Quando sono in cerca di idee per articoli da scrivere, desidero scoprire novità editoriali internazionali o, semplicemente, ho voglia di leggere una recensione ben fatta, ho cinque stabili punti di riferimento in rete. Eccoli, con la speranza anche voi possiate apprezzarli come me.

  • Contemporary Japanese literature (in inglese): come suggerisce il titolo, il blog è dedicato alla letteratura contemporanea (anche se non mancano incursioni nel mondo degli anime, dei manga e dei videogame) ed è curato da Kathryn Hemmann, docente di letteratura cinema e cultura giapponese alla George Mason University (Stati Uniti). Le sue recensioni sono coincise, ma dense e ricche di spunti di riflessione.
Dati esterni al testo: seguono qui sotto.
lemma pi_star_in_unit: "pi_star \<delta> \<alpha> \<epsilon> n \<in> {0..1}"
proof (induction n)
  case (Suc n)
  then show ?case using L_step_in_L_feasible [OF Suc] by (auto simp: L_feasible_def)
qed simp

lemma pi_star_Suc_in_L_feasible: "pi_star \<delta> \<alpha> \<epsilon> (Suc n) \<in> L_feasible \<delta> \<alpha> \<epsilon> (pi_star \<delta> \<alpha> \<epsilon> n)"
  using L_step_in_L_feasible [OF pi_star_in_unit] by simp

lemma pi_star_le_Suc: "pi_star \<delta> \<alpha> \<epsilon> n \<le> pi_star \<delta> \<alpha> \<epsilon> (Suc n)"
  using pi_star_Suc_in_L_feasible by (simp add: L_feasible_def)

lemma psp_rdp_pi_star:
  fixes U :: "'u set"
  shows "psp_rdp U \<delta> \<alpha> \<epsilon> 1 (pi_star \<delta> \<alpha> \<epsilon>)"
  unfolding psp_rdp_def
proof (intro allI impI, elim conjE)
  fix X X' :: "'u \<Rightarrow> nat"
  assume "dataset U X" "dataset U X'" and nb: "l1_neighbors 1 X X'"
  then have fin: "finite {v. X v \<noteq> 0}" "finite {v. X' v \<noteq> 0}"
    by (simp_all add: dataset_def)
  obtain u where agree: "\<And>v. v \<noteq> u \<Longrightarrow> X v = X' v"
    and step: "X' u = X u \<or> X' u = Suc (X u) \<or> X u = Suc (X' u)"
    using l1_neighbors_1_cases [OF fin nb] by blast
  have "approx_renyi_div \<delta> \<alpha> (psp_mech (pi_star \<delta> \<alpha> \<epsilon>) X) (psp_mech (pi_star \<delta> \<alpha> \<epsilon>) X')
        \<le> approx_renyi_div \<delta> \<alpha> (bernoulli_pmf (pi_star \<delta> \<alpha> \<epsilon> (X u)))
             (bernoulli_pmf (pi_star \<delta> \<alpha> \<epsilon> (X' u)))"
    by (rule approx_renyi_div_psp_mech_le) (use fin agree in simp_all)
  also have "\<dots> \<le> ereal \<epsilon>"
    using step self_in_L_feasible [OF pi_star_in_unit] pi_star_Suc_in_L_feasible
    by (auto simp: L_feasible_def)
  finally show "approx_renyi_div \<delta> \<alpha> (psp_mech (pi_star \<delta> \<alpha> \<epsilon>) X) (psp_mech (pi_star \<delta> \<alpha> \<epsilon>) X')
                \<le> ereal \<epsilon>" .
qed
(* (Principal specialization.) Let $0\le m\le n$, $x=(x_1,\dots,x_m)$, and let $y=(1,t,\dots,t^{n-1})$. Then \[F(t^{n-m+1};x,y;t)=\prod_{i=1}^m\frac{1-t^{i+n-m}}{1-t^nx_i}\quad\text{and}\quad F(1;x,y;t)=t^{\binom m2}x_1\cdots x_m\prod_{i=1}^m\frac{1-t^{i+n-m}}{1-t^nx_i}.\]
   Context: For $x=(x_1,\dots,x_m)$, $y=(y_1,\dots,y_n)$, \[F(u;x,y;t)=\sum_{I\subseteq\{1,\dots,m\}}(-u)^{|I|}t^{\binom{|I|}{2}}\prod_{i\in I,\ j\in\{1,\dots,m\}\setminus I}\frac{tx_i-x_j}{x_i-x_j}\prod_{i\in I}\prod_{j=1}^n\frac{1-x_iy_j}{1-tx_iy_j}.\] *)

theory Defs
  imports Main
begin

definition F :: "'a::field \<Rightarrow> nat \<Rightarrow> (nat \<Rightarrow> 'a) \<Rightarrow> nat \<Rightarrow> (nat \<Rightarrow> 'a) \<Rightarrow> 'a \<Rightarrow> 'a" where
  "F u m x n y t =
     (\<Sum>I\<in>Pow {1..m}. (- u) ^ card I * t ^ (card I choose 2)
        * (\<Prod>i\<in>I. \<Prod>j\<in>{1..m} - I. (t * x i - x j) / (x i - x j))
        * (\<Prod>i\<in>I. \<Prod>j\<in>{1..n}. (1 - x i * y j) / (1 - t * x i * y j)))"

end

theory Submission
  imports Defs "HOL-Computational_Algebra.Polynomial"
begin

text \<open>With \<open>y = (1, t, \<dots>, t^(n-1))\<close> the product over \<open>j\<close> in \<open>F\<close> telescopes to
  \<open>(1 - x i) / (1 - t^n x i)\<close>, so \<open>F\<close> times \<open>\<Prod>i. 1 - t^n x i\<close> is a denominator-free sum
  \<open>G(u, q; x)\<close> at \<open>q = t^n\<close>. As a function of a single variable \<open>x k = z\<close>, \<open>G\<close> is affine:
  multiplied by \<open>\<Prod>j\<noteq>k. z - x j\<close> it becomes a polynomial of degree at most \<open>m\<close>
  whose values at the \<open>x j\<close> vanish, because the residues of the terms for \<open>I\<close> and
  \<open>I \<union> {j}\<close> cancel. Reading off its top coefficient and its value at \<open>z = 0\<close> gives
  \<open>G(u, q; x) = (u t^(m-1) - q) G(u, q; x') x k + (1 - u) G(u t, q; x')\<close>, with \<open>x'\<close> the
  remaining variables. For \<open>q = u t^(m-1)\<close> the first term drops out and for \<open>u = 1\<close> the
  second one does, and induction on \<open>m\<close> yields the two product formulas.\<close>

lemma sum_Pow_insert:
  assumes "finite S" "k \<notin> S"
  shows "(\<Sum>J\<in>Pow (insert k S). f J) = (\<Sum>J\<in>Pow S. f J + f (insert k J))"
proof -
  have "inj_on (insert k) (Pow S)"
    using assms(2) by (intro inj_onI) (metis PowD Diff_insert_absorb in_mono)
  moreover have "Pow S \<inter> insert k ` Pow S = {}"
    using assms(2) by auto
  ultimately show ?thesis
    using assms(1) by (simp add: Pow_insert sum.union_disjoint sum.reindex sum.distrib)
qed

definition cross_factor :: "nat set \<Rightarrow> nat set \<Rightarrow> (nat \<Rightarrow> 'a::field) \<Rightarrow> 'a \<Rightarrow> 'a" where
  "cross_factor S I x t = (\<Prod>i\<in>I. \<Prod>j\<in>S - I. (t * x i - x j) / (x i - x j))"

definition cleared_term :: "'a::field \<Rightarrow> 'a \<Rightarrow> nat set \<Rightarrow> nat set \<Rightarrow> (nat \<Rightarrow> 'a) \<Rightarrow> 'a \<Rightarrow> 'a" where
  "cleared_term u q S I x t = (- u) ^ card I * t ^ (card I choose 2) * cross_factor S I x t
     * (\<Prod>i\<in>I. 1 - x i) * (\<Prod>i\<in>S - I. 1 - q * x i)"

text \<open>The sum \<open>G(u, q; x)\<close> above, where \<open>q\<close> stands for \<open>t^n\<close>.\<close>

definition cleared_sum :: "'a::field \<Rightarrow> 'a \<Rightarrow> nat set \<Rightarrow> (nat \<Rightarrow> 'a) \<Rightarrow> 'a \<Rightarrow> 'a" where
  "cleared_sum u q S x t = (\<Sum>I\<in>Pow S. cleared_term u q S I x t)"

lemma cleared_sum_empty [simp]: "cleared_sum u q {} x t = 1"
  by (simp add: cleared_sum_def cleared_term_def cross_factor_def numeral_2_eq_2)

lemma cleared_term_cong:
  assumes "I \<subseteq> S" "\<And>i. i \<in> S \<Longrightarrow> x i = x' i"
  shows "cleared_term u q S I x t = cleared_term u q S I x' t"
  unfolding cleared_term_def cross_factor_def using assms
  by (intro arg_cong2[where f = "(*)"] prod.cong refl) auto
lemma expected_compression_inner_nonneg:
  assumes "transpose A = A"
  shows "0 \<le> (integral\<^sup>L D (\<lambda>S. Zmat A S ** R ** Zmat A S)) \<bullet> R"
proof (cases "integrable D (\<lambda>S. Zmat A S ** R ** Zmat A S)")
  case True
  then have "(integral\<^sup>L D (\<lambda>S. Zmat A S ** R ** Zmat A S)) \<bullet> R
      = (\<integral>S. (Zmat A S ** R ** Zmat A S) \<bullet> R \<partial>D)" by simp
  also have "\<dots> \<ge> 0"
    by (intro Bochner_Integration.integral_nonneg)
       (simp add: inner_compression_eq_norm[OF Zmat_symmetric_idempotent[OF assms]])
  finally show ?thesis .
qed (simp add: not_integrable_integral_eq)

lemma contraction_rate_bound:
  assumes sym: "transpose A = A" and X: "X \<in> sandwich_space A"
  shows "(1 - contraction_rate D A) * (norm X)\<^sup>2
           \<le> (integral\<^sup>L D (\<lambda>S. Zmat A S ** X ** Zmat A S)) \<bullet> X"
proof (cases "X = 0")
  case False
  let ?T = "{(integral\<^sup>L D (\<lambda>S. Zmat A S ** R ** Zmat A S)) \<bullet> R | R Q.
              R = A ** Q ** A \<and> (norm R)\<^sup>2 = 1}"
  let ?u = "X /\<^sub>R norm X"
  have "?u \<in> sandwich_space A"
    by (rule subspace_scale[OF subspace_sandwich_space X])
  then obtain Q where "?u = A ** Q ** A" by (auto simp: sandwich_space_def)
  moreover have "(norm ?u)\<^sup>2 = 1" using False by simp
  ultimately have "(integral\<^sup>L D (\<lambda>S. Zmat A S ** ?u ** Zmat A S)) \<bullet> ?u \<in> ?T"
    by blast
  moreover have "bdd_below ?T"
    using expected_compression_inner_nonneg[OF sym] by (auto intro!: bdd_belowI[where m=0])
  ultimately have "Inf ?T \<le> (integral\<^sup>L D (\<lambda>S. Zmat A S ** ?u ** Zmat A S)) \<bullet> ?u"
    by (rule cInf_lower)
  also have "\<dots> = (integral\<^sup>L D (\<lambda>S. Zmat A S ** X ** Zmat A S)) \<bullet> X / (norm X)\<^sup>2"
    by (simp add: matrix_scalar_ac scalar_matrix_assoc[symmetric] power2_eq_square
        divide_inverse mult_ac)
  finally show ?thesis
    using False by (simp add: contraction_rate_def pos_le_divide_eq)
qed simp

lemma one_le_contraction_rate:
  assumes sym: "transpose A = A" and X: "X \<in> sandwich_space A"
    and nonint: "\<not> integrable D (\<lambda>S. Zmat A S ** X ** Zmat A S)"
  shows "1 \<le> contraction_rate D A"
proof -
  have "X \<noteq> 0" using nonint by auto
  moreover have "(1 - contraction_rate D A) * (norm X)\<^sup>2 \<le> 0"
    using contraction_rate_bound[OF sym X, of D] nonint by (simp add: not_integrable_integral_eq)
  ultimately show ?thesis by (simp add: mult_le_0_iff)
qed

lemma expected_norm_sub_compression:
  assumes D: "prob_space D" and sym: "transpose A = A"
    and int: "integrable D (\<lambda>S. Zmat A S ** X ** Zmat A S)"
  shows "(\<integral>S. (norm (X - Zmat A S ** X ** Zmat A S))\<^sup>2 \<partial>D)
           = (norm X)\<^sup>2 - (integral\<^sup>L D (\<lambda>S. Zmat A S ** X ** Zmat A S)) \<bullet> X"
proof -
  interpret prob_space D by (rule D)
  have "(\<integral>S. (norm (X - Zmat A S ** X ** Zmat A S))\<^sup>2 \<partial>D)
      = (\<integral>S. (norm X)\<^sup>2 - (Zmat A S ** X ** Zmat A S) \<bullet> X \<partial>D)"
    by (simp add: norm_sub_compression[OF Zmat_symmetric_idempotent[OF sym]])
  also have "\<dots> = (norm X)\<^sup>2 - (\<integral>S. (Zmat A S ** X ** Zmat A S) \<bullet> X \<partial>D)"
    using int by (subst Bochner_Integration.integral_diff) (auto simp: prob_space)
  finally show ?thesis using int by simp
qed

lemma expected_compression_contraction:
  assumes "prob_space D" "transpose A = A" "X \<in> sandwich_space A"
    and "integrable D (\<lambda>S. Zmat A S ** X ** Zmat A S)"
  shows "(\<integral>S. (norm (X - Zmat A S ** X ** Zmat A S))\<^sup>2 \<partial>D)
           \<le> contraction_rate D A * (norm X)\<^sup>2"
  using contraction_rate_bound[OF assms(2,3), of D]
  by (simp add: expected_norm_sub_compression[OF assms(1,2,4)] algebra_simps)

lemma contraction_rate_nonneg:
  assumes "prob_space D" "transpose A = A" "X \<in> sandwich_space A" "X \<noteq> 0"
    and "integrable D (\<lambda>S. Zmat A S ** X ** Zmat A S)"
  shows "0 \<le> contraction_rate D A"
proof -
  have "0 \<le> (\<integral>S. (norm (X - Zmat A S ** X ** Zmat A S))\<^sup>2 \<partial>D)"
    by (intro Bochner_Integration.integral_nonneg) simp
  also have "\<dots> \<le> contraction_rate D A * (norm X)\<^sup>2"
    using expected_compression_contraction assms(1-3,5) .
  finally show ?thesis using assms(4) by (simp add: zero_le_mult_iff)
qed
  • Koratai (in spagnolo): la letteratura giapponese la fa da padrona in questo blog che non disdegna soffermarsi anche su opere “de otras latitudes” (di altre latitudini). Ana Matellanes García, specializzata in comunicazione digitale, ha creato così un angolo accogliente, esteticamente molto gradevoe, in cui è un piacere abbandonarsi alla lettura.
  • La Littérature Japonaise (in francese): specializzato in letteratura del ventesimo e del ventunesimo secolo, è per me un punto di riferimento del quale difficilmente potrei fare a meno: il mercato francese è, infatti, molto attivo sul fronte delle traduzioni dal giapponese e delle pubblicazioni dedicate all’arcipelago nipponico. Da segnalare nel blog la sezione dedicata ai traduttori.
  • Monkey Business International (in inglese): promuove le attività del magazine letterario “Monkey Business”, fondato nel 2008 da Motoyuki Shibata, traduttore e docente universitario di letteratura statunitense. Come evidenzia il sottotitolo (“new writing from Japan”), ha un occhio di riguardo per la letteratura contemporanea; periodicamente, inoltre, pubblica antologie in inglese di autori giapponesi.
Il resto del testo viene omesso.